▶ Your task: Restate word for word the entries below, starting with the line with "obtain F where" and continuing through the line with "using measurable_from_subalg[OF that". Include both of those lines and no others.

▶ Collected data:
- - -

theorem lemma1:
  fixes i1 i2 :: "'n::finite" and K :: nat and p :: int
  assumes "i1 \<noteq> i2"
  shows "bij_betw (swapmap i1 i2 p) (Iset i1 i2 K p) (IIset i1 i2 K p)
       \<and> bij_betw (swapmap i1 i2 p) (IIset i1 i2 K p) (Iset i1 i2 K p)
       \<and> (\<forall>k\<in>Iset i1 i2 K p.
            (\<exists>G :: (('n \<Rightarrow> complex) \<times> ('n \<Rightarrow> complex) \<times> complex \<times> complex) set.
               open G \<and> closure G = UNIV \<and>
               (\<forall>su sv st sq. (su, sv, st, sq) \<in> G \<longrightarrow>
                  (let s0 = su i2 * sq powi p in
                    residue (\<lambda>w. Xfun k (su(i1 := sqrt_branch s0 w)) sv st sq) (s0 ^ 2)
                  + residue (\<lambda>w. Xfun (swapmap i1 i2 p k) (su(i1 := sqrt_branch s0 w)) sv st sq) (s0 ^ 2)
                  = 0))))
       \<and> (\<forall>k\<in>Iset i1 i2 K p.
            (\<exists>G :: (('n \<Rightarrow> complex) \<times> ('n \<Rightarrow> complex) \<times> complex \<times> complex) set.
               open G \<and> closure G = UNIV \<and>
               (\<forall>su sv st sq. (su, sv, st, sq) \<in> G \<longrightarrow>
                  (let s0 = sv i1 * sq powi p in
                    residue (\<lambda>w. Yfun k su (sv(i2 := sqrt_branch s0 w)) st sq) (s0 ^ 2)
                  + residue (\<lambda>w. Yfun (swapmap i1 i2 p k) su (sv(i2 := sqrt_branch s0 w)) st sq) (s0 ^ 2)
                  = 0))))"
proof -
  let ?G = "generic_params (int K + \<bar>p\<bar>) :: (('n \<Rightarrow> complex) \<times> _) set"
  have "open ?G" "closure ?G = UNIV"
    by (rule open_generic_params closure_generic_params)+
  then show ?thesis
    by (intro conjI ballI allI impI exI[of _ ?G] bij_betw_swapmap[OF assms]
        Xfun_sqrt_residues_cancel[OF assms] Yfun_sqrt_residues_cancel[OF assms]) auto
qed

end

- - -

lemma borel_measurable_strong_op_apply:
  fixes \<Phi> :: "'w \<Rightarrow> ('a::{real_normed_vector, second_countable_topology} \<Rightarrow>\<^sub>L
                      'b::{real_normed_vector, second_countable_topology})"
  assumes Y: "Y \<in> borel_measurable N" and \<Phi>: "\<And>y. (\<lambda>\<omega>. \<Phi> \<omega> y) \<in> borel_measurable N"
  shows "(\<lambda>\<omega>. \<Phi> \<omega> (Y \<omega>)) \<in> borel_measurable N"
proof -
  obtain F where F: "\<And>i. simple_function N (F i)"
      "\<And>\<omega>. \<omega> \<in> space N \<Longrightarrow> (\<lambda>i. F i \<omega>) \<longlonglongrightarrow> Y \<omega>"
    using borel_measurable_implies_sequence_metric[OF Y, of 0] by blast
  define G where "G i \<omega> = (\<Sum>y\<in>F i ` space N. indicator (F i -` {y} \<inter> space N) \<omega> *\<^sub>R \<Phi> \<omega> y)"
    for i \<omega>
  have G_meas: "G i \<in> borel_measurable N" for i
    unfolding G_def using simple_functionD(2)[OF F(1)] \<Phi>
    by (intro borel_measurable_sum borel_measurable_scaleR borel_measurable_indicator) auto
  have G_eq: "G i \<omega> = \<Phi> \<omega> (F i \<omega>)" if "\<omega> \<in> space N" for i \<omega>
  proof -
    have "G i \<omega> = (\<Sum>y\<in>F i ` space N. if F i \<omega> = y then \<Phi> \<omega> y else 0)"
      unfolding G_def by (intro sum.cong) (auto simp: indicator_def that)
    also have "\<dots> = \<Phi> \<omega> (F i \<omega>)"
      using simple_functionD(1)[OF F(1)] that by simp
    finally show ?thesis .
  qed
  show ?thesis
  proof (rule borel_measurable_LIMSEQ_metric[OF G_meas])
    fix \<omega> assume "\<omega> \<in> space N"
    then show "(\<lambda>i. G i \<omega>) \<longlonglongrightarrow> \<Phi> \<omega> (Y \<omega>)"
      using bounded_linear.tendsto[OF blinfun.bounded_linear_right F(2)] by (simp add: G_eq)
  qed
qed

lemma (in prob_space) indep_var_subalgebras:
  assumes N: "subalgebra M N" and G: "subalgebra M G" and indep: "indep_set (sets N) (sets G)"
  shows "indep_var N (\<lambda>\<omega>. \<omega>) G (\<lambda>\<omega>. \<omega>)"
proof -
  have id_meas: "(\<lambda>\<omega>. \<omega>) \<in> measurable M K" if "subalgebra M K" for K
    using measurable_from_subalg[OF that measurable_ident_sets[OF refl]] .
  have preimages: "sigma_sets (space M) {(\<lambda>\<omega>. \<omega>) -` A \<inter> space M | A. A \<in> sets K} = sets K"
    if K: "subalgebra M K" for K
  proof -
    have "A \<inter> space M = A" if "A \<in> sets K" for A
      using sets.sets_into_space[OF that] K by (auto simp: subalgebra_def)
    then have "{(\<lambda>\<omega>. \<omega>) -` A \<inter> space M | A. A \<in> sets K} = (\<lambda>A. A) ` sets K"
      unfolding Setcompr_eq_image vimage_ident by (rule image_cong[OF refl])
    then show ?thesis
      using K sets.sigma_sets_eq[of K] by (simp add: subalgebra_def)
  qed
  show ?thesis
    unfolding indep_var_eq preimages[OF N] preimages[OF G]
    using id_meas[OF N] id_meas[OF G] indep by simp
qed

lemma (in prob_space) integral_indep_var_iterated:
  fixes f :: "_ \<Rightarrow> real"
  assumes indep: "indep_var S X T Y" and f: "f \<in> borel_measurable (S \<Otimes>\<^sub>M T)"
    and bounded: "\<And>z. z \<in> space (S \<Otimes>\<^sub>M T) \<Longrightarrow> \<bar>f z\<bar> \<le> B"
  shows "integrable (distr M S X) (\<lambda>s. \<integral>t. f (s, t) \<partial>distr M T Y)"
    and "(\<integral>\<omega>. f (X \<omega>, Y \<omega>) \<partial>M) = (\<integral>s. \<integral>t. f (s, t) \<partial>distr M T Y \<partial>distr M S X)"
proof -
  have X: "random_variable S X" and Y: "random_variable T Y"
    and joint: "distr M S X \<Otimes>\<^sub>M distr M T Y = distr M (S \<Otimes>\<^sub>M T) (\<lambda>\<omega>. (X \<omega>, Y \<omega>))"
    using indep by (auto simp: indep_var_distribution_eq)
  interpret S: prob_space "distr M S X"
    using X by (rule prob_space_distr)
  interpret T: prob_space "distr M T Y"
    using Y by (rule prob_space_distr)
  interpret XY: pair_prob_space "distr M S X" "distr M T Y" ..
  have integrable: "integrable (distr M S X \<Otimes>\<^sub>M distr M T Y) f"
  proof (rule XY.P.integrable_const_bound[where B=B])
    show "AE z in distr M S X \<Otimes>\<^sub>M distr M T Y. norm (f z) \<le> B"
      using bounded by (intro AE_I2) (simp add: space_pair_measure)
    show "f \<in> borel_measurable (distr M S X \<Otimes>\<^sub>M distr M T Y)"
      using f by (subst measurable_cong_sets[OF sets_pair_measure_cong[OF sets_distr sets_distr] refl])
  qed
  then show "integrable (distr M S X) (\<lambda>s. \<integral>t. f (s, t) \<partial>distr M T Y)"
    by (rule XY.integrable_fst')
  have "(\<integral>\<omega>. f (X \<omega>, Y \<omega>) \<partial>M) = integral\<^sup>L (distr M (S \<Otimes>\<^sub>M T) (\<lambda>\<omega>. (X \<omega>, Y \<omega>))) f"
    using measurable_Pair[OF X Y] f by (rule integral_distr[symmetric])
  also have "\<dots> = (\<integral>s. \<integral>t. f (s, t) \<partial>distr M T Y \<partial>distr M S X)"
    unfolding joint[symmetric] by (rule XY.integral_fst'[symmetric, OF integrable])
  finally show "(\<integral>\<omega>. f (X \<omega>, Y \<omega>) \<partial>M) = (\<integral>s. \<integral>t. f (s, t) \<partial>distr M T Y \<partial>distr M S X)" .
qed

- - -

▶ Written solution:
  obtain F where F: "\<And>i. simple_function N (F i)"
      "\<And>\<omega>. \<omega> \<in> space N \<Longrightarrow> (\<lambda>i. F i \<omega>) \<longlonglongrightarrow> Y \<omega>"
    using borel_measurable_implies_sequence_metric[OF Y, of 0] by blast
  define G where "G i \<omega> = (\<Sum>y\<in>F i ` space N. indicator (F i -` {y} \<inter> space N) \<omega> *\<^sub>R \<Phi> \<omega> y)"
    for i \<omega>
  have G_meas: "G i \<in> borel_measurable N" for i
    unfolding G_def using simple_functionD(2)[OF F(1)] \<Phi>
    by (intro borel_measurable_sum borel_measurable_scaleR borel_measurable_indicator) auto
  have G_eq: "G i \<omega> = \<Phi> \<omega> (F i \<omega>)" if "\<omega> \<in> space N" for i \<omega>
  proof -
    have "G i \<omega> = (\<Sum>y\<in>F i ` space N. if F i \<omega> = y then \<Phi> \<omega> y else 0)"
      unfolding G_def by (intro sum.cong) (auto simp: indicator_def that)
    also have "\<dots> = \<Phi> \<omega> (F i \<omega>)"
      using simple_functionD(1)[OF F(1)] that by simp
    finally show ?thesis .
  qed
  show ?thesis
  proof (rule borel_measurable_LIMSEQ_metric[OF G_meas])
    fix \<omega> assume "\<omega> \<in> space N"
    then show "(\<lambda>i. G i \<omega>) \<longlonglongrightarrow> \<Phi> \<omega> (Y \<omega>)"
      using bounded_linear.tendsto[OF blinfun.bounded_linear_right F(2)] by (simp add: G_eq)
  qed
qed

lemma (in prob_space) indep_var_subalgebras:
  assumes N: "subalgebra M N" and G: "subalgebra M G" and indep: "indep_set (sets N) (sets G)"
  shows "indep_var N (\<lambda>\<omega>. \<omega>) G (\<lambda>\<omega>. \<omega>)"
proof -
  have id_meas: "(\<lambda>\<omega>. \<omega>) \<in> measurable M K" if "subalgebra M K" for K
    using measurable_from_subalg[OF that measurable_ident_sets[OF refl]] .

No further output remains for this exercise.